Утратив надежду приблизиться к ней, Оук стал неподвижно и, как раньше, устремил на нее взгляд поверх куста.
– Я не люблю вас.
– Да, но…
Батшеба зевнула почти совсем незаметно, так что это отнюдь не было неучтивостью, и вновь произнесла:
– Я вас не люблю.
– Зато я люблю вас и со своей стороны был бы доволен, если б просто нравился вам.
– О, мистер Оук, как великодушно! Но скоро вы станете меня презирать.
– Никогда! – воскликнул Оук с таким чувством, что одной лишь силою своих слов, казалось, преодолел кустарник, отделявший его от Батшебы, и устремился в ее объятия. – Лишь одно в этом мире я знаю наверняка: всю свою жизнь я буду любить вас! До самой моей смерти вы будете для меня желанной!
Речь фермера Оука была исполнена торжественной одухотворенности, а его большие руки, темные от работы, заметно дрожали.
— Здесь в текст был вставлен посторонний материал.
lemma sum_list_map_approx:
  fixes \<phi> :: "real \<Rightarrow> real"
  assumes cont: "continuous_on I \<phi>"
  shows "set xs \<subseteq> I \<Longrightarrow> e > 0 \<Longrightarrow> \<exists>d>0. \<forall>ys. length ys = length xs \<and> set ys \<subseteq> I \<and>
     (\<forall>i<length xs. \<bar>ys ! i - xs ! i\<bar> < d) \<longrightarrow> \<bar>sum_list (map \<phi> ys) - sum_list (map \<phi> xs)\<bar> < e"
proof (induction xs arbitrary: e)
  case Nil
  then show ?case by (intro exI[of _ 1]) auto
next
  case (Cons x xs)
  obtain d1 where d1: "d1 > 0" "\<forall>y\<in>I. \<bar>y - x\<bar> < d1 \<longrightarrow> \<bar>\<phi> y - \<phi> x\<bar> < e / 2"
    using cont Cons.prems unfolding continuous_on_iff dist_real_def by (metis half_gt_zero list.set_intros(1) subsetD)
  have "set xs \<subseteq> I" "e / 2 > 0"
    using Cons.prems by auto
  then obtain d2 where d2: "d2 > 0" "\<forall>ys. length ys = length xs \<and> set ys \<subseteq> I \<and>
     (\<forall>i<length xs. \<bar>ys ! i - xs ! i\<bar> < d2) \<longrightarrow> \<bar>sum_list (map \<phi> ys) - sum_list (map \<phi> xs)\<bar> < e / 2"
    using Cons.IH by blast
  show ?case
  proof (intro exI[of _ "min d1 d2"] conjI allI impI)
    fix ys assume ys: "length ys = length (x # xs) \<and> set ys \<subseteq> I \<and>
      (\<forall>i<length (x # xs). \<bar>ys ! i - (x # xs) ! i\<bar> < min d1 d2)"
    then obtain y ys' where ys_eq: "ys = y # ys'"
      by (cases ys) auto
    have head: "\<bar>\<phi> y - \<phi> x\<bar> < e / 2"
      using d1 ys[unfolded ys_eq] by (auto dest: spec[of _ 0])
    have "\<forall>i<length xs. \<bar>ys' ! i - xs ! i\<bar> < d2"
      using ys[unfolded ys_eq] by (auto dest!: spec[of _ "Suc _"])
    then have "\<bar>sum_list (map \<phi> ys') - sum_list (map \<phi> xs)\<bar> < e / 2"
      using d2 ys[unfolded ys_eq] by auto
    then show "\<bar>sum_list (map \<phi> ys) - sum_list (map \<phi> (x # xs))\<bar> < e"
      unfolding ys_eq using head by simp (smt (verit))
  qed (use d1 d2 in simp)
qed

lemma strict_mono_on_preimage_above:
  fixes \<phi> :: "real \<Rightarrow> real"
  assumes interval: "is_interval I" and mono: "strict_mono_on I \<phi>" and y0: "y0 \<in> I" and e: "e > 0"
  shows "\<exists>\<eta>>0. \<forall>y\<in>I. \<bar>\<phi> y - \<phi> y0\<bar> < \<eta> \<longrightarrow> y0 - e < y"
proof (cases "y0 - e / 2 \<in> I")
  case True
  show ?thesis
  proof (intro exI[of _ "\<phi> y0 - \<phi> (y0 - e / 2)"] conjI ballI impI)
    show "\<phi> y0 - \<phi> (y0 - e / 2) > 0"
      using mono True y0 e unfolding monotone_on_def by simp
    fix y assume y: "y \<in> I" "\<bar>\<phi> y - \<phi> y0\<bar> < \<phi> y0 - \<phi> (y0 - e / 2)"
    then have "\<phi> (y0 - e / 2) < \<phi> y"
      by (simp add: abs_less_iff)
    moreover have "\<phi> y \<le> \<phi> (y0 - e / 2)" if "y \<le> y0 - e / 2"
      using mono True y(1) that unfolding monotone_on_def by (cases "y = y0 - e / 2") (auto intro: less_imp_le)
    ultimately show "y0 - e < y"
      using e by fastforce
  qed
next
  case False
  have "y0 - e < y" if "y \<in> I" for y
  proof (rule ccontr)
    assume "\<not> y0 - e < y"
    then have "y \<le> y0 - e / 2" "y0 - e / 2 \<le> y0"
      using e by auto
    then show False
      using interval False that y0 unfolding is_interval_1 by blast
  qed
  then show ?thesis
    by (intro exI[of _ 1]) auto
qed

lemma strict_mono_on_preimage_near:
  fixes \<phi> :: "real \<Rightarrow> real"
  assumes "is_interval I" "strict_mono_on I \<phi>" "y0 \<in> I" "e > 0"
  shows "\<exists>\<eta>>0. \<forall>y\<in>I. \<bar>\<phi> y - \<phi> y0\<bar> < \<eta> \<longrightarrow> \<bar>y - y0\<bar> < e"
proof -
  obtain \<eta>1 where \<eta>1: "\<eta>1 > 0" "\<forall>y\<in>I. \<bar>\<phi> y - \<phi> y0\<bar> < \<eta>1 \<longrightarrow> y0 - e < y"
    using strict_mono_on_preimage_above[OF assms] by blast
  have "strict_mono_on (uminus ` I) (\<lambda>x. - \<phi> (- x))"
    using assms(2) unfolding monotone_on_def by force
  then obtain \<eta>2 where \<eta>2: "\<eta>2 > 0"
    "\<forall>y\<in>uminus ` I. \<bar>- \<phi> (- y) - - \<phi> (- (- y0))\<bar> < \<eta>2 \<longrightarrow> - y0 - e < y"
    using strict_mono_on_preimage_above[of "uminus ` I" "\<lambda>x. - \<phi> (- x)" "- y0" e] assms by auto
  have upper: "y < y0 + e" if "y \<in> I" "\<bar>\<phi> y - \<phi> y0\<bar> < \<eta>2" for y
    using \<eta>2(2)[rule_format, of "- y"] that by (simp add: abs_minus_commute)
  show ?thesis
  proof (intro exI[of _ "min \<eta>1 \<eta>2"] conjI ballI impI)
    fix y assume "y \<in> I" "\<bar>\<phi> y - \<phi> y0\<bar> < min \<eta>1 \<eta>2"
    then show "\<bar>y - y0\<bar> < e"
      using \<eta>1(2) upper[of y] by (auto simp: abs_less_iff)
  qed (use \<eta>1 \<eta>2 in simp)
qed

lemma represents_continuous:
  assumes interval: "is_interval I" and n: "n \<ge> 1" and rep: "represents I n f \<phi> J"
    and mono: "strict_mono_on I \<phi>"
  shows "continuous_nary I n f"
  unfolding continuous_nary_def
proof (intro ballI allI impI)
  fix xs e assume xs: "xs \<in> tuples I n" and "(0::real) < e"
  note rep_values = represents_values[OF rep n]
  obtain \<eta> where \<eta>: "\<eta> > 0" "\<forall>y\<in>I. \<bar>\<phi> y - \<phi> (f xs)\<bar> < \<eta> \<longrightarrow> \<bar>y - f xs\<bar> < e"
    using strict_mono_on_preimage_near[OF interval mono rep_values(1)[OF xs] \<open>0 < e\<close>] by blast
  have "continuous_on I \<phi>" "set xs \<subseteq> I" "length xs = n"
    using rep xs unfolding represents_def tuples_def by auto
  then obtain d where d: "d > 0" "\<forall>ys\<in>tuples I n. (\<forall>i<n. \<bar>ys ! i - xs ! i\<bar> < d)
      \<longrightarrow> \<bar>sum_list (map \<phi> ys) - sum_list (map \<phi> xs)\<bar> < \<eta>"
    using sum_list_map_approx[of I \<phi> xs \<eta>] \<eta>(1) unfolding tuples_def by auto
  show "\<exists>d>0. \<forall>ys\<in>tuples I n. (\<forall>i<n. \<bar>ys ! i - xs ! i\<bar> < d) \<longrightarrow> \<bar>f ys - f xs\<bar> < e"
    using d \<eta>(2) rep_values xs by (intro exI[of _ d]) auto
qed

lemma represents_symmetric:
  assumes rep: "represents I n f \<phi> J" and n: "n \<ge> 1"
  shows "symmetric_nary I n f"
  unfolding symmetric_nary_def
proof (intro ballI allI impI)
  fix xs \<sigma> assume xs: "xs \<in> tuples I n" and \<sigma>: "\<sigma> permutes {..<n}"
  have "sum_list (map \<phi> (map (\<lambda>i. xs ! \<sigma> i) [0..<n])) = (\<Sum>i<n. \<phi> (xs ! \<sigma> i))"
    by (simp add: sum_list_sum_nth atLeast0LessThan)
  also have "\<dots> = (\<Sum>i<n. \<phi> (xs ! i))"
    using sum.permute[OF \<sigma>, of "\<lambda>i. \<phi> (xs ! i)"] by (simp add: comp_def)
  also have "\<dots> = sum_list (map \<phi> xs)"
    using xs unfolding tuples_def by (simp add: sum_list_sum_nth atLeast0LessThan)
  finally show "f (map (\<lambda>i. xs ! \<sigma> i) [0..<n]) = f xs"
    using rep permuted_in_tuples[OF xs \<sigma>] xs unfolding represents_def by simp
qed

lemma represents_cancellative:
  assumes rep: "represents I n f \<phi> J" and n: "n \<ge> 1"
  shows "cancellative_nary I n f"
  unfolding cancellative_nary_def
proof (intro allI impI ballI)
  fix k xs ys
  assume k: "k < n" and xs: "xs \<in> tuples I n" and ys: "ys \<in> tuples I n"
    and same: "(\<forall>i<n. i \<noteq> k \<longrightarrow> xs ! i = ys ! i) \<and> f xs = f ys"
  have len: "length xs = n" "length ys = n"
    using xs ys unfolding tuples_def by auto
  have "(\<Sum>i<n. \<phi> (xs ! i)) = (\<Sum>i<n. \<phi> (ys ! i))"
    using represents_values(2)[OF rep n xs] represents_values(2)[OF rep n ys] same len
    by (simp add: sum_list_sum_nth atLeast0LessThan)
  moreover have "(\<Sum>i\<in>{..<n} - {k}. \<phi> (xs ! i)) = (\<Sum>i\<in>{..<n} - {k}. \<phi> (ys ! i))"
    using same by (intro sum.cong) auto
  ultimately have "\<phi> (xs ! k) = \<phi> (ys ! k)"
    using k by (simp add: sum.remove)
  moreover have "inj_on \<phi> I"
    using rep unfolding represents_def bij_betw_def by simp
  ultimately show "xs ! k = ys ! k"
    using k xs ys unfolding tuples_iff inj_on_def by blast
qed

lemma represents_associative:
  assumes rep: "represents I n f \<phi> J" and n: "n \<ge> 1"
  shows "associative_nary I n f"
  unfolding associative_nary_def
proof (intro allI impI ballI)
  fix i xs assume i: "i < n - 1" and xs: "xs \<in> tuples I (2 * n - 1)"
  have len: "length xs = 2 * n - 1" and xs_mem: "set xs \<subseteq> I"
    using xs unfolding tuples_def by auto
  have inner_sum: "f (take j xs @ [f (take n (drop j xs))] @ drop (j + n) xs)
      = inv_into I \<phi> (sum_list (map \<phi> xs))" if j: "j \<le> n - 1" for j
  proof -
    have inner: "take n (drop j xs) \<in> tuples I n"
      unfolding tuples_def using len j xs_mem by (auto dest: in_set_takeD in_set_dropD)
    define ys where "ys = take j xs @ [f (take n (drop j xs))] @ drop (j + n) xs"
    have ys: "ys \<in> tuples I n"
      unfolding ys_def tuples_def using len j xs_mem represents_values(1)[OF rep n inner] n
      by (auto dest: in_set_takeD in_set_dropD)
    have "sum_list (map \<phi> ys) = sum_list (map \<phi> (take j xs @ take n (drop j xs) @ drop (j + n) xs))"
      unfolding ys_def using represents_values(2)[OF rep n inner] by simp
    also have "take j xs @ take n (drop j xs) @ drop (j + n) xs = xs"
      by (metis append.assoc append_take_drop_id take_add drop_drop add.commute)
    finally show ?thesis
      using rep ys unfolding represents_def ys_def by simp
  qed
  show "f (take i xs @ [f (take n (drop i xs))] @ drop (i + n) xs) =
        f (take (Suc i) xs @ [f (take n (drop (Suc i) xs))] @ drop (Suc i + n) xs)"
    using inner_sum[of i] inner_sum[of "Suc i"] i by simp
qed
– Быть может, это ужасно неверно – не выйти за вас, когда ваши чувства ко мне так сильны! – сказала Батшеба не без некоторого сожаления и принялась озираться, отчаянно ища решения моральной дилеммы. – Ах, зачем только я бросилась за вами бежать! – Впрочем, скоро она отыскала путь к веселости и лукаво прибавила: – У нас с вами ничего не сладится, мистер Оук! Кто-то должен меня укротить, ведь я слишком независима, а у вас, я знаю, это не выйдет.
Оук опустил глаза, словно показывая, что не видит смысла в продолжении спора. Тогда Батшеба вновь заговорила разумно и ясно:
– Мистер Оук, вы состоятельней меня. У меня за душой ни гроша, я помогаю тетке по хозяйству, чтоб отработать свой хлеб. Притом образована я лучше и нисколечко вас не люблю. Вот как выглядит дело с моей стороны. Теперь поглядим с вашей. Вы сделались фермером совсем недавно. Жениться вам если и следует, то, конечно, не сейчас, а позднее. Здравый смысл велит вам подыскать жену со средствами, которые позволят расширить ферму.
Габриэль взглянул на Батшебу с малой долей удивления и большой долею восхищения.
– Я и сам об этом думал, – наивно признался он.
Добиться успеха с Батшебою ему мешали полторы христианские добродетели: смирение (это одна добродетель) и честность, которую следовало бы убавить ровно вполовину, ибо теперь она привела девушку в полнейшее замешательство.
– Тогда чего же вам вздумалось меня понапрасну тревожить? – спросила она, если не злясь, то вполне себе раздражаясь: красные пятнышки, вспыхнувшие на ее щеках, становились все больше.
– Я не могу сделать то, что было бы…
– Верно?
– Нет, мудро.
– Вот, мистер Оук, вы и признались! – воскликнула Батшеба и презрительно тряхнула головою. – Неужто вы полагали, будто после такого я выйду за вас замуж? Ни за что!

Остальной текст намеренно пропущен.